- Venue: Lee Valley VeloPark
- Dates: 31 July 2022
- Competitors: 26 from 13 nations

Medalists
| gold medal | Corbin Strong | New Zealand |
| silver medal | John Archibald | Scotland |
| bronze medal | William Roberts | Wales |

= Cycling at the 2022 Commonwealth Games – Men's scratch race =

The men's scratch race at the 2022 Commonwealth Games, as part of the cycling programme, took place on 31 July 2022.

==Schedule==
The schedule was as follows:

All times are British Summer Time (UTC+1)

| Date | Time | Round |
| Sunday 31 July 2022 | 11:50 | Qualification |
| 16:28 | Final |

==Results==

===Qualification===
Race distance: 30 laps (7.5km). First 10 riders in each heat qualify to final.
- Heat 1

| Rank | Rider | Laps down | Notes |
|---|---|---|---|
| 1 | Rhys Britton (WAL) |  | Q |
| 2 | Oliver Wood (ENG) |  | Q |
| 3 | Graeme Frislie (AUS) |  | Q |
| 4 | Corbin Strong (NZL) |  | Q |
| 5 | Campbell Stewart (NZL) |  | Q |
| 6 | Joe Holt (WAL) |  | Q |
| 7 | Michael Foley (CAN) |  | Q |
| 8 | Mark Stewart (SCO) |  | Q |
| 9 | James Moriarty (AUS) |  | Q |
| 10 | Akil Campbell (TTO) |  | Q |
| 11 | Naman Kapil (IND) |  |  |
| 12 | Jyme Bridges (ANT) | DNF |  |
| 12 | Stephen Belle (SEY) | DNF |  |

- Heat 2

The second heat was abandoned after eight riders crashed on the final lap of the race. This included Matthew Bostock, who was carried off on a stretcher and treated onsite for 40 minutes. Mathias Guillemette was disqualified for causing the initial crash.

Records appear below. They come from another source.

(* Let $\mathcal M=(S,p)$ be a Markov chain, $s_0\in S$, $A\subseteq S$, and let $f$ be a computable function from $S$ to $\mathbb{R}_{\geq 0}$ such that: (i) either for all $0<\theta<1$, $\mathbf{Pr}_{\mathcal M,s_0}(\mathbf{F}\, f^{-1}([0,\theta]))\leq \theta$, or for all $s\in S$, $\mathbf{Pr}_{\mathcal M,s}(\mathbf{F} A)\leq f(s)$; (ii) for all $0<\theta<1$, the set $\{s\in S \mid f(s)\geq \theta\}\cap Post^*_{\mathcal M}(\{s_0\})$ is finite. Then $\mathcal M$ is divergent with respect to $s_0$ and $A$.
   Context: A Markov chain $\mathcal M=(S,p)$ consists of a countable set $S$ of states and a transition function $p:S\to Dist(S)$ (probability distributions on $S$); write $p(s,s')$ for $p(s)(s')$ and $s\to s'$ when $p(s,s')>0$. $Post^*_{\mathcal M}(X)$ is the set of states reachable (via $\to^*$) from some state of $X$. For $s\in S$, $\mathbf{Pr}_{\mathcal M,s}$ is the probability measure on infinite paths $s=s_0s_1\ldots$ of $\mathcal M$ starting in $s$, and for $X\subseteq S$, $\mathbf{Pr}_{\mathcal M,s}(\mathbf{F}X)$ is the probability that some $s_i$ ($i\geq 0$) lies in $X$. $\mathcal M$ is divergent with respect to $s_0\in S$ and $A\subseteq S$ if there exist two computable functions $f_0,f_1:S\to\mathbb{R}_{\geq 0}$ such that: (a) for all $0<\theta<1$, $\mathbf{Pr}_{\mathcal M,s_0}(\mathbf{F}\, f_0^{-1}([0,\theta]))\leq\theta$; (b) for all $s\in S$, $\mathbf{Pr}_{\mathcal M,s}(\mathbf{F}A)\leq f_1(s)$; (c) for all $0<\theta<1$, the set $\{s\mid f_0(s)\geq\theta\wedge f_1(s)\geq\theta\}\cap Post^*_{\mathcal M}(\{s_0\})$ is finite. *)

theory Defs
  imports "HOL-Probability.Probability"
begin

text \<open>A Markov chain over a countable state type 's is given by its transition
  function K :: 's => 's pmf; s -> s' iff s' is in set_pmf (K s).\<close>

fun mc_paths :: "('s \<Rightarrow> 's pmf) \<Rightarrow> 's \<Rightarrow> nat \<Rightarrow> 's list pmf" where
  "mc_paths K s 0 = return_pmf [s]"
| "mc_paths K s (Suc n) = K s \<bind> (\<lambda>t. map_pmf (Cons s) (mc_paths K t n))"

text \<open>Pr_s(F X): probability that a path from s visits X; the measure of the
  increasing union of the cylinder events "X visited within the first n steps".\<close>
definition reach_prob :: "('s \<Rightarrow> 's pmf) \<Rightarrow> 's \<Rightarrow> 's set \<Rightarrow> real" where
  "reach_prob K s X = (SUP n. measure_pmf.prob (mc_paths K s n) {xs. set xs \<inter> X \<noteq> {}})"

definition post_star :: "('s \<Rightarrow> 's pmf) \<Rightarrow> 's set \<Rightarrow> 's set" where
  "post_star K X = {t. \<exists>s\<in>X. (s, t) \<in> {(x, y). y \<in> set_pmf (K x)}\<^sup>*}"

text \<open>Divergence, relative to an abstract notion of computability of functions S -> R.\<close>
definition divergent ::
  "(('s \<Rightarrow> real) \<Rightarrow> bool) \<Rightarrow> ('s \<Rightarrow> 's pmf) \<Rightarrow> 's \<Rightarrow> 's set \<Rightarrow> bool" where
  "divergent computable K s0 A \<longleftrightarrow>
     (\<exists>f0 f1. computable f0 \<and> computable f1 \<and> (\<forall>s. f0 s \<ge> 0 \<and> f1 s \<ge> 0) \<and>
       (\<forall>\<theta>. 0 < \<theta> \<and> \<theta> < 1 \<longrightarrow> reach_prob K s0 (f0 -` {0..\<theta>}) \<le> \<theta>) \<and>
       (\<forall>s. reach_prob K s A \<le> f1 s) \<and>
       (\<forall>\<theta>. 0 < \<theta> \<and> \<theta> < 1 \<longrightarrow>
          finite ({s. f0 s \<ge> \<theta> \<and> f1 s \<ge> \<theta>} \<inter> post_star K {s0})))"

end

theory Submission
  imports Defs
begin

text \<open>Whichever half of (i) holds, the other witness can be the constant 1: its
  sublevel sets \<open>[0, \<theta>]\<close> for \<open>\<theta> < 1\<close> are empty, hence reached with probability 0,
  and 1 bounds every reachability probability. Since \<open>1 \<ge> \<theta>\<close> holds for \<open>\<theta> < 1\<close>,
  the finiteness condition of divergence is then exactly (ii).\<close>

lemma reach_prob_le_1: "reach_prob K s X \<le> 1"
  unfolding reach_prob_def
  by (rule cSUP_least) (auto simp: measure_pmf.prob_le_1)

lemma reach_prob_empty [simp]: "reach_prob K s {} = 0"
  unfolding reach_prob_def by simp

lemma divergent_if_level_sets_unlikely:
  assumes "computable f" "computable (\<lambda>_. 1)" "\<And>s. f s \<ge> 0"
    and "\<And>\<theta>. 0 < \<theta> \<Longrightarrow> \<theta> < 1 \<Longrightarrow> reach_prob K s0 (f -` {0..\<theta>}) \<le> \<theta>"
    and "\<And>\<theta>. 0 < \<theta> \<Longrightarrow> \<theta> < 1 \<Longrightarrow> finite ({s. f s \<ge> \<theta>} \<inter> post_star K {s0})"
  shows "divergent computable K s0 A"
  unfolding divergent_def
proof (intro exI conjI allI impI)
  show "reach_prob K s A \<le> 1" for s
    by (rule reach_prob_le_1)
  show "finite ({s. f s \<ge> \<theta> \<and> 1 \<ge> \<theta>} \<inter> post_star K {s0})" if "0 < \<theta> \<and> \<theta> < 1" for \<theta>
    using assms(5) that by (simp add: less_imp_le)
qed (use assms in auto)

lemma divergent_if_bounds_reach_prob:
  assumes "computable (\<lambda>_. 1)" "computable f" "\<And>s. f s \<ge> 0"
    and "\<And>s. reach_prob K s A \<le> f s"
    and "\<And>\<theta>. 0 < \<theta> \<Longrightarrow> \<theta> < 1 \<Longrightarrow> finite ({s. f s \<ge> \<theta>} \<inter> post_star K {s0})"
  shows "divergent computable K s0 A"
  unfolding divergent_def
proof (intro exI conjI allI impI)
  fix \<theta> :: real
  assume \<theta>: "0 < \<theta> \<and> \<theta> < 1"
  then have "(\<lambda>_::'a. 1::real) -` {0..\<theta>} = {}"
    by auto
  then show "reach_prob K s0 ((\<lambda>_. 1) -` {0..\<theta>}) \<le> \<theta>"
    using \<theta> by simp
  show "finite ({s. 1 \<ge> \<theta> \<and> f s \<ge> \<theta>} \<inter> post_star K {s0})"
    using assms(5) \<theta> by (simp add: less_imp_le)
qed (use assms in auto)

theorem proposition1:
  fixes computable :: "('s::countable \<Rightarrow> real) \<Rightarrow> bool"
    and K :: "'s \<Rightarrow> 's pmf" and s0 :: 's and A :: "'s set" and f :: "'s \<Rightarrow> real"
  assumes const_computable: "\<And>c. computable (\<lambda>_. c)"
    and f_computable: "computable f"
    and f_nonneg: "\<And>s. f s \<ge> 0"
    and i: "(\<forall>\<theta>. 0 < \<theta> \<and> \<theta> < 1 \<longrightarrow> reach_prob K s0 (f -` {0..\<theta>}) \<le> \<theta>)
            \<or> (\<forall>s. reach_prob K s A \<le> f s)"
    and ii: "\<And>\<theta>. 0 < \<theta> \<Longrightarrow> \<theta> < 1 \<Longrightarrow> finite ({s. f s \<ge> \<theta>} \<inter> post_star K {s0})"
  shows "divergent computable K s0 A"
  using i
proof
  assume "\<forall>\<theta>. 0 < \<theta> \<and> \<theta> < 1 \<longrightarrow> reach_prob K s0 (f -` {0..\<theta>}) \<le> \<theta>"
  then show ?thesis
    by (intro divergent_if_level_sets_unlikely[OF f_computable const_computable[of 1] f_nonneg] ii) auto
next
  assume "\<forall>s. reach_prob K s A \<le> f s"
  then show ?thesis
    by (intro divergent_if_bounds_reach_prob[OF const_computable[of 1] f_computable f_nonneg] ii) auto
qed

end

| Rank | Rider | Laps down | Notes |
|---|---|---|---|
| 1 | Ethan Vernon (ENG) |  | Q |
| 2 | Red Walters (GRN) |  | Q |
| 3 | William Roberts (WAL) |  | Q |
| 4 | John Archibald (SCO) |  | Q |
| 5 | Vishavjeet Singh (IND) |  | Q |
| 6 | Joshua Duffy (AUS) |  | Q |
| 7 | Kyle Gordon (SCO) |  | Q |
| 8 | George Jackson (NZL) |  | Q |
| 9 | Jamol Eastmond (BAR) |  | Q |
| 10 | Derek Gee (CAN) | DNF |  |
| 10 | Matt Walls (ENG) | DNF |  |
| 10 | Matthew Bostock (IOM) | DNF |  |
|  | Mathias Guillemette (CAN) | DSQ |  |

===Final===
60 laps (15 km) were raced. Kyle Gordon was unable to start the Final due to injuries sustained during the crash in the heats.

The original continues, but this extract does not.